4. Confusing Correlation with Causation
Wrong: "Teams with more possession win more, so we should possess the ball more" Right: "Better teams have more possession AND win more; possession may not be causal"
5. Ignoring Regression to the Mean
Wrong: "He outperformed xG by 8 goals; sign him immediately!" Right: "Large xG overperformance usually indicates luck; expect regression"
Decision Framework
When Evaluating a Player
- Check sample size: Is there enough data for reliable conclusions?
- Calculate confidence intervals: What's the range of plausible true values?
- Consider base rates: How does this compare to similar players?
- Look for regression signals: Is performance above/below expectation?
- Account for context: What confounders might explain the pattern?
When Analyzing Relationships
- Start with scatter plots: Visualize before calculating
- Calculate correlation: Quantify the relationship strength
- Test significance: Is the relationship real or noise?
- Consider alternative explanations: Confounding? Reverse causation?

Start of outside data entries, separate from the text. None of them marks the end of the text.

lemma almost_periodic_series:
  assumes "\<And>m. trig_poly (g m)" and "\<And>m x. norm (g m x) \<le> M m" and "summable M"
  shows "almost_periodic (\<lambda>x. \<Sum>m. g m x)"
  unfolding almost_periodic_def
proof (intro allI impI)
  fix e :: real assume "e > 0"
  then obtain n where n: "norm (\<Sum>i. M (i + n)) < e"
    using suminf_exist_split[OF _ assms(3)] by blast
  have summable_g: "summable (\<lambda>m. g m x)" for x
    using assms(3,2) by (rule summable_comparison_test')
  have "norm ((\<Sum>m. g m x) - (\<Sum>m<n. g m x)) \<le> e" for x
  proof -
    have "norm ((\<Sum>m. g m x) - (\<Sum>m<n. g m x)) = norm (\<Sum>i. g (i + n) x)"
      using suminf_split_initial_segment[OF summable_g, of x n] by simp
    also have "\<dots> \<le> (\<Sum>i. M (i + n))"
      using assms(2,3) by (intro norm_suminf_le) (auto simp: summable_iff_shift)
    finally show ?thesis using n by simp
  qed
  moreover have "trig_poly (\<lambda>x. \<Sum>m<n. g m x)" by (intro trig_poly_sum assms(1)) simp
  ultimately show "\<exists>p. trig_poly p \<and> (\<forall>x. norm ((\<Sum>m. g m x) - p x) \<le> e)" by blast
qed


section \<open>A criterion for the Gevrey class\<close>

text \<open>Derivative bounds of the form \<open>A j! (j + |x|)\<close> give Gevrey bounds of every order \<open>s \<ge> 1\<close>
  on compact sets: the factor \<open>j + |x|\<close> is absorbed into a geometric factor.\<close>
lemma gevrey_of_factorial_bounds:
  assumes "smooth_R f" "s \<ge> 1" "A \<ge> 0"
    and bound: "\<And>j x. norm (rderiv j f x) \<le> A * (fact j * (j + \<bar>x\<bar>))"
  shows "gevrey s f"
  unfolding gevrey_def
proof (intro conjI allI impI)
  fix K :: "real set" assume "compact K"
  then obtain R0 where "\<And>x. x \<in> K \<Longrightarrow> \<bar>x\<bar> \<le> R0"
    by (metis bounded_iff compact_imp_bounded real_norm_def)
  then obtain R where R: "R \<ge> 0" "\<And>x. x \<in> K \<Longrightarrow> \<bar>x\<bar> \<le> R"
    by (metis max.cobounded1 max.coboundedI2)
  define C where "C = (A + 1) * (R + 2)"
  have "norm (rderiv j f x) \<le> C ^ (1 + j) * fact j powr s" if "x \<in> K" for j x
  proof -
    have "A \<le> (A + 1) ^ 1" by simp
    also have "\<dots> \<le> (A + 1) ^ (1 + j)" using assms(3) by (intro power_increasing) auto
    finally have "A \<le> (A + 1) ^ (1 + j)" .
    moreover have "j + \<bar>x\<bar> \<le> (R + 2) ^ (1 + j)"
      using linear_le_power[OF R(1), of j] R(2)[OF that] by linarith
    ultimately have "A * (j + \<bar>x\<bar>) \<le> C ^ (1 + j)"
      unfolding C_def power_mult_distrib using assms(3) by (intro mult_mono) auto
    moreover have "fact j \<le> (fact j :: real) powr s"
      using powr_mono[of 1 s "fact j :: real"] assms(2) by simp
    ultimately have "A * (j + \<bar>x\<bar>) * fact j \<le> C ^ (1 + j) * fact j powr s"
      using assms(3) R(1) by (intro mult_mono) (auto simp: C_def)
    with bound[of j x] show ?thesis by (simp add: mult_ac)
  qed
  moreover have "C > 0" using assms(3) R(1) by (simp add: C_def)
  ultimately show "\<exists>C>0. \<forall>j. \<forall>x\<in>K. norm (rderiv j f x) \<le> C ^ (1 + j) * fact j powr s"
    by blast
qed (use assms(1) in simp)


definition weight :: "nat \<Rightarrow> real" where "weight m = (1/2) ^ m"
definition lam :: "nat \<Rightarrow> real" where "lam m = 20 ^ m"
definition gap :: "nat \<Rightarrow> real" where "gap m = exp (- (\<Sum>i\<le>m. lam i + 1))"
definition mu :: "nat \<Rightarrow> real" where "mu m = lam m + gap m"

text \<open>\<open>summand j m\<close> is the \<open>j\<close>-th derivative of the \<open>m\<close>-th summand, and \<open>F j\<close> that of the witness.\<close>
definition summand :: "nat \<Rightarrow> nat \<Rightarrow> real \<Rightarrow> complex" where
  "summand j m x = of_real (weight m) *
     ((\<i> * of_real (lam m)) ^ j * wave (lam m) x - (\<i> * of_real (mu m)) ^ j * wave (mu m) x)"
lemma symp_form_unit_vec_right:
  assumes "j < 2*m" "2*m \<le> n"
  shows "symp_form m x (unit_vec n j) = (if j < m then - x $ (m + j) else x $ (j - m))"
proof (cases "j < m")
  case True
  then show ?thesis using assms
    by (auto simp: symp_form_def sum_subtractf sum_negf if_distrib[of "\<lambda>t. _ * t"] sum.delta
        cong: if_cong)
next
  case False
  then have "(\<Sum>i<m. x $ i * unit_vec n j $ (m + i)) = (\<Sum>i<m. if i = j - m then x $ i else 0)"
    using assms by (intro sum.cong) auto
  moreover have "(\<Sum>i<m. x $ (m + i) * unit_vec n j $ i) = 0"
    using False assms by (intro sum.neutral) auto
  ultimately show ?thesis using False assms by (simp add: symp_form_def sum_subtractf)
qed

lemma symp_form_nondegenerate:
  assumes "2*m \<le> n" and orth: "\<And>j. j < 2*m \<Longrightarrow> symp_form m w (unit_vec n j) = 0"
    and i: "i < 2*m"
  shows "w $ i = 0"
proof (cases "i < m")
  case True
  then have "symp_form m w (unit_vec n (i + m)) = w $ i"
    using symp_form_unit_vec_right[of "i + m" m n w] assms(1) by simp
  then show ?thesis using orth[of "i + m"] True by simp
next
  case False
  then have "i - m < m" "m + (i - m) = i" using i by auto
  then have "symp_form m w (unit_vec n (i - m)) = - w $ i"
    using symp_form_unit_vec_right[of "i - m" m n w] assms(1) by simp
  then show ?thesis using orth[of "i - m"] False i by simp
qed

lemma symp_J_carrier: "symp_J m \<in> carrier_mat (2*m) (2*m)"
  unfolding symp_J_def by (simp add: mult_2)

lemma dim_symp_J [simp]: "dim_row (symp_J m) = 2*m" "dim_col (symp_J m) = 2*m"
  using symp_J_carrier by auto

lemma scalar_prod_symp_J:
  assumes a: "a \<in> carrier_vec (2*m)" and b: "b \<in> carrier_vec (2*m)"
  shows "a \<bullet> (symp_J m *\<^sub>v b) = symp_form m a b"
proof -
  let ?a1 = "vec_first a m" and ?a2 = "vec_last a m"
    and ?b1 = "vec_first b m" and ?b2 = "vec_last b m"
  have split: "a = ?a1 @\<^sub>v ?a2" "b = ?b1 @\<^sub>v ?b2" using a b by (simp_all add: mult_2)
  have "symp_J m *\<^sub>v b = ?b2 @\<^sub>v (- ?b1)"
    unfolding symp_J_def by (subst split(2), subst four_block_mat_mult_vec) auto
  then have "a \<bullet> (symp_J m *\<^sub>v b) = ?a1 \<bullet> ?b2 + ?a2 \<bullet> (- ?b1)"
    by (subst split(1)) (simp add: scalar_prod_append[of _ m _ m])
  also have "\<dots> = symp_form m a b"
    using a b by (simp add: symp_form_def scalar_prod_def vec_first_def vec_last_def sum_subtractf
        atLeast0LessThan sum_negf mult_2 algebra_simps)
  finally show ?thesis .
qed

lemma det_symp_J: "det (symp_J m :: 'a::field mat) = 1"
proof -
  have "0\<^sub>m m m - - 1\<^sub>m m = (1\<^sub>m m :: 'a mat)" by (intro eq_matI) auto
  then show ?thesis unfolding symp_J_def by (subst det_four_block_mat[of _ m]) auto
qed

- Assess practical importance: Does the effect size matter?
Python Quick Reference
import numpy as np
from scipy import stats
# Descriptive statistics
data = [10, 15, 12, 18, 14, 25]
mean = np.mean(data)
median = np.median(data)
std = np.std(data, ddof=1) # Sample SD
# Confidence interval for mean
se = std / np.sqrt(len(data))
ci_95 = (mean - 1.96*se, mean + 1.96*se)
# Confidence interval for proportion
p, n = 0.75, 80
se_prop = np.sqrt(p * (1-p) / n)
ci_prop = (p - 1.96*se_prop, p + 1.96*se_prop)
# Poisson probability
from scipy.stats import poisson
prob_2_goals = poisson.pmf(2, mu=1.5) # P(X=2) when lambda=1.5
# Hypothesis test for proportion
from statsmodels.stats.proportion import proportions_ztest
stat, pval = proportions_ztest(60, 80, value=0.70)
# Correlation
x = [58, 52, 62, 45, 55]
y = [75, 68, 82, 52, 70]
r, p = stats.pearsonr(x, y)
Chapter Summary in One Paragraph
Soccer analytics requires moving beyond intuition to rigorous statistical thinking. Descriptive statistics summarize data but must include measures of spread, not just averages. Probability distributions—especially Poisson for goals—allow us to quantify uncertainty and assess whether observed patterns exceed chance expectations. Statistical inference via confidence intervals and hypothesis tests provides frameworks for making decisions under uncertainty, but we must always distinguish statistical from practical significance. Sample size determines reliability; most soccer metrics require hundreds of observations to stabilize, making single-season player evaluation inherently uncertain. Regression to the mean ensures that extreme performances will moderate, and ignoring this leads to systematic evaluation errors. Finally, correlation quantifies relationships but never proves causation—confounding variables, reverse causation, and coincidence must always be considered before drawing causal conclusions.